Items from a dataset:
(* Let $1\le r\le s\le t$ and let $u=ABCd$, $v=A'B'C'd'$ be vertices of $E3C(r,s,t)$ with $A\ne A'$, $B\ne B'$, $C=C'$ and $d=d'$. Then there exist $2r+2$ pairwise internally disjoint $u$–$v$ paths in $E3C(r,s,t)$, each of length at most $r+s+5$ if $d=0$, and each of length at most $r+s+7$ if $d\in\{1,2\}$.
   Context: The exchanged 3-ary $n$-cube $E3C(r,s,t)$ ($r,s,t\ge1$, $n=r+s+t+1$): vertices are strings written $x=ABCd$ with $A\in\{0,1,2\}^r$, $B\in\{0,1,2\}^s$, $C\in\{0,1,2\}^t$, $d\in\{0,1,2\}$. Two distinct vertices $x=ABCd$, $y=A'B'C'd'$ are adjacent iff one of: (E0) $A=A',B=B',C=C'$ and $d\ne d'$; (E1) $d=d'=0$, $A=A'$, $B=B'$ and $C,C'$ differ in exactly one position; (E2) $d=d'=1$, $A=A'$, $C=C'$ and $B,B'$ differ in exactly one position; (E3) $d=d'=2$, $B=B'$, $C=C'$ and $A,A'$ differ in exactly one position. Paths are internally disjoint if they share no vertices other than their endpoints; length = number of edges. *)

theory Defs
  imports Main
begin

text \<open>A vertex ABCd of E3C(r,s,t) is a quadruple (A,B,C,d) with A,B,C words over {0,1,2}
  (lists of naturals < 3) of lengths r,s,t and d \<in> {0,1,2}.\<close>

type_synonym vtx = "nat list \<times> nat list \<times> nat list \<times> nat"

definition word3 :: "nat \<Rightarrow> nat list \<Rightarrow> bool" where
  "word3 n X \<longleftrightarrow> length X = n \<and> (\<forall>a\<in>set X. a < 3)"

--

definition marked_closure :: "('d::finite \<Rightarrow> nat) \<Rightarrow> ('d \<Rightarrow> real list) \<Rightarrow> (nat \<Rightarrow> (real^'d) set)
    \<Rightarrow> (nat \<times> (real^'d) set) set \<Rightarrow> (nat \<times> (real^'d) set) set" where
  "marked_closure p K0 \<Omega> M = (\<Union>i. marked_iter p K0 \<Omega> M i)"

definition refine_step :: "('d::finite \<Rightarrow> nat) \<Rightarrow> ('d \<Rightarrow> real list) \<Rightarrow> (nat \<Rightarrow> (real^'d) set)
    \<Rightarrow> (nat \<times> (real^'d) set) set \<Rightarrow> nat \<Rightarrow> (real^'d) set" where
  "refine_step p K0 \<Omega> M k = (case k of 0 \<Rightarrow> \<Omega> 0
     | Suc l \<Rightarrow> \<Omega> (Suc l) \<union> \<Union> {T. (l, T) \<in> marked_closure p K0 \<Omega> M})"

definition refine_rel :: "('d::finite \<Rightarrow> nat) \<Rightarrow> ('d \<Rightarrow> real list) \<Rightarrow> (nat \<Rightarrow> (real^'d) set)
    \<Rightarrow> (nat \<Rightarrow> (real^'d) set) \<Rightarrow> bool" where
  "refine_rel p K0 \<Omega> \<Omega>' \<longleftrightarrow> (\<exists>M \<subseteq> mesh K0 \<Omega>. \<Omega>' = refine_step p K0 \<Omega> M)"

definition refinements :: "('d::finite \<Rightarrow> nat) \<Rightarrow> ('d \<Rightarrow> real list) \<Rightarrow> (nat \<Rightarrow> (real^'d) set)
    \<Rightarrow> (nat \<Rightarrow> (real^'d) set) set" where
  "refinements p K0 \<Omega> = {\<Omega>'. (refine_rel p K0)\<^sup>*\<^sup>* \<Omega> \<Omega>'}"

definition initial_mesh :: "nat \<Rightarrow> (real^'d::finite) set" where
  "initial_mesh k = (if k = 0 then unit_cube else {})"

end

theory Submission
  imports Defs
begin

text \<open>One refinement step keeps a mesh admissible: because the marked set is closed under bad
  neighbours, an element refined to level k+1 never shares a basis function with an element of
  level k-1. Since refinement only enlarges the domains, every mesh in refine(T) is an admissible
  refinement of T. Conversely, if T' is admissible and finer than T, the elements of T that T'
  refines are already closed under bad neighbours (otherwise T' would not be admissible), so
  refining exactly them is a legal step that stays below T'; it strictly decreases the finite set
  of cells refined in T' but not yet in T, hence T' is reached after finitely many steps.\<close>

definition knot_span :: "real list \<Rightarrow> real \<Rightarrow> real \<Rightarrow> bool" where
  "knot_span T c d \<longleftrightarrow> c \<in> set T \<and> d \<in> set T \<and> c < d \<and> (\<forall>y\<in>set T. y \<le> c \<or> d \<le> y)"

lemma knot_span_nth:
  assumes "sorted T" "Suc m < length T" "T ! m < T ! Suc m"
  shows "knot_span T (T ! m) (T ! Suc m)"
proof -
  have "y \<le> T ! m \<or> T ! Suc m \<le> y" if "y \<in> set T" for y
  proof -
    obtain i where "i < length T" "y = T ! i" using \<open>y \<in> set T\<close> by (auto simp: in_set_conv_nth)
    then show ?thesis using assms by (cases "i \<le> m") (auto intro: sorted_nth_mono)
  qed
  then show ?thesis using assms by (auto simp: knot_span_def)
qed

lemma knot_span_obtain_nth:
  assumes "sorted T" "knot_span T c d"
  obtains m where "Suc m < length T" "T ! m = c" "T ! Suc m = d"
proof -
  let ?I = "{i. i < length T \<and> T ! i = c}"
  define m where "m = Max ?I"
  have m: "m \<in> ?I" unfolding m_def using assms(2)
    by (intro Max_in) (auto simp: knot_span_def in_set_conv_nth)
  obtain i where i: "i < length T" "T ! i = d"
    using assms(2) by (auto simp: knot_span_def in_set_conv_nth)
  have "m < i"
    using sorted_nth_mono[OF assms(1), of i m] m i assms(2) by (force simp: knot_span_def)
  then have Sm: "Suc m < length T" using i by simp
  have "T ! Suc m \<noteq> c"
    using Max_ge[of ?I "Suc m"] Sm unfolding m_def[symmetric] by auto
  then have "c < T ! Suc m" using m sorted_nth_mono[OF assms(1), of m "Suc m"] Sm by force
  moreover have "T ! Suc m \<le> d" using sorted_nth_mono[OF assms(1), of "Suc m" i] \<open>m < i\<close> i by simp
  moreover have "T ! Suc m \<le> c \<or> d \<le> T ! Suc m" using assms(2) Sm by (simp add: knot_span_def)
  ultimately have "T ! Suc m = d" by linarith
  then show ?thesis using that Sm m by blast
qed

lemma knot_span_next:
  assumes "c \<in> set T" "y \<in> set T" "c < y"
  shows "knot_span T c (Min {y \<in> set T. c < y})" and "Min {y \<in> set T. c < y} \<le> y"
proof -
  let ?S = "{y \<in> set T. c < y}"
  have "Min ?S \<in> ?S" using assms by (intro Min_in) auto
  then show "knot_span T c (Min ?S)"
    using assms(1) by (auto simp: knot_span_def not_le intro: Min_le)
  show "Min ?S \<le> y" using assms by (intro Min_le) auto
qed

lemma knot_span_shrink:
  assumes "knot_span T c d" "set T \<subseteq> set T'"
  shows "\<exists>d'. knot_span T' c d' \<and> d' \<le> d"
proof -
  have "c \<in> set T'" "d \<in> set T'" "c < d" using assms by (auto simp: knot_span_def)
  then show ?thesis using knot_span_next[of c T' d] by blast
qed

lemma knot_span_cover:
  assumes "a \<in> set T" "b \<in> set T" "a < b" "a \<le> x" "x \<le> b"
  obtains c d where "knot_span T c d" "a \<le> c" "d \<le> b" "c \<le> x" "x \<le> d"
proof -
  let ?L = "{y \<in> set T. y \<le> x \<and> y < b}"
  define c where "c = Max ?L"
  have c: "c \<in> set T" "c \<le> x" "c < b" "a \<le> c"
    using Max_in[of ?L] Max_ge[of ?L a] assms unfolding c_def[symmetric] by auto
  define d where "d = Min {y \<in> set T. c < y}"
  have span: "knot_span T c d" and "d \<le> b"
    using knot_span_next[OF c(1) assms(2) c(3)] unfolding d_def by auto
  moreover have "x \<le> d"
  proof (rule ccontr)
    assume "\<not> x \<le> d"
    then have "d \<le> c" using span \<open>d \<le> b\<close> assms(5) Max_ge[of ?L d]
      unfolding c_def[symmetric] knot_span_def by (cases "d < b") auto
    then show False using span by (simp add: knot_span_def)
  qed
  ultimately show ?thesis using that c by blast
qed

EXERCISE GOAL: Would you retype exactly the lines above, from the line with "K0 \<Omega> \<Omega>'" to the line with "refining exactly them", with both end lines kept and nothing more?

TASK RESPONSE:
  "refine_rel p K0 \<Omega> \<Omega>' \<longleftrightarrow> (\<exists>M \<subseteq> mesh K0 \<Omega>. \<Omega>' = refine_step p K0 \<Omega> M)"

definition refinements :: "('d::finite \<Rightarrow> nat) \<Rightarrow> ('d \<Rightarrow> real list) \<Rightarrow> (nat \<Rightarrow> (real^'d) set)
    \<Rightarrow> (nat \<Rightarrow> (real^'d) set) set" where
  "refinements p K0 \<Omega> = {\<Omega>'. (refine_rel p K0)\<^sup>*\<^sup>* \<Omega> \<Omega>'}"

definition initial_mesh :: "nat \<Rightarrow> (real^'d::finite) set" where
  "initial_mesh k = (if k = 0 then unit_cube else {})"

end

theory Submission
  imports Defs
begin

text \<open>One refinement step keeps a mesh admissible: because the marked set is closed under bad
  neighbours, an element refined to level k+1 never shares a basis function with an element of
  level k-1. Since refinement only enlarges the domains, every mesh in refine(T) is an admissible
  refinement of T. Conversely, if T' is admissible and finer than T, the elements of T that T'
  refines are already closed under bad neighbours (otherwise T' would not be admissible), so
  refining exactly them is a legal step that stays below T'; it strictly decreases the finite set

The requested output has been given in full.